- _WORK INSTRUCTIONS_
Search the data for "auto" and copy every matching line.

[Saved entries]
· · ·
text \<open>IPF is coordinate ascent on the potential
  \<open>\<Psi>(d\<^sup>0, d\<^sup>1) = \<Sum>\<^sub>i p\<^sub>i ln d\<^sup>0\<^sub>i + \<Sum>\<^sub>j q\<^sub>j ln d\<^sup>1\<^sub>j\<close>.
  For every nonnegative matrix \<open>Z\<close> with margins \<open>(p, q)\<close> supported where \<open>X\<close> is positive
  (the realization \<open>Y\<close> is one) and every scaled matrix \<open>A\<close>, \<open>\<Psi> = KL(Z\<parallel>X) - KL(Z\<parallel>A)\<close>,
  so \<open>\<Psi>\<close> is bounded above. Each update raises \<open>\<Psi>\<close> by the relative entropy between the
  prescribed and the current margins, which dominates their squared Hellinger distance.
  Hence \<open>\<Psi>\<close> converges, the margins of the iterates approach \<open>(p, q)\<close>, every limit point
  \<open>L\<close> of the iterates is again such a \<open>Z\<close>, and \<open>KL(L\<parallel>A\<^sub>k) = KL(L\<parallel>X) - \<Psi>\<^sub>k \<longrightarrow> 0\<close> forces
  \<open>A\<^sub>k \<longrightarrow> L\<close>.\<close>

lemma hellinger_le_mult_ln_div:
  fixes x y :: real
  assumes "0 \<le> x" "0 \<le> y" "0 < x \<Longrightarrow> 0 < y"
  shows "x - y + (sqrt x - sqrt y)\<^sup>2 \<le> x * ln (x / y)"
proof (cases "x = 0")
  case True
  then show ?thesis using assms by (simp add: power2_eq_square)
next
  case False
  then have "0 < x" "0 < y" using assms by auto
  define s t where "s = sqrt x" and "t = sqrt y"
  have s: "0 < s" "x = s\<^sup>2" and t: "0 < t" "y = t\<^sup>2"
    using \<open>0 < x\<close> \<open>0 < y\<close> by (auto simp: s_def t_def)
  have "ln (x / y) = - 2 * ln (t / s)"
    using s t by (simp add: power_divide[symmetric] ln_realpow ln_div)
  moreover have "s\<^sup>2 * ln (t / s) \<le> s\<^sup>2 * (t / s - 1)"
    using s t by (intro mult_left_mono ln_le_minus_one) auto
  moreover have "s\<^sup>2 * (t / s - 1) = s * t - s\<^sup>2"
    using s by (simp add: field_simps power2_eq_square)
  ultimately show ?thesis
    unfolding s_def[symmetric] t_def[symmetric] using s t
    by (simp add: power2_eq_square algebra_simps)
qed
· · ·
- _REPLY TO THE TASK_
  then have "0 < x" "0 < y" using assms by auto
    using \<open>0 < x\<close> \<open>0 < y\<close> by (auto simp: s_def t_def)
    using s t by (intro mult_left_mono ln_le_minus_one) auto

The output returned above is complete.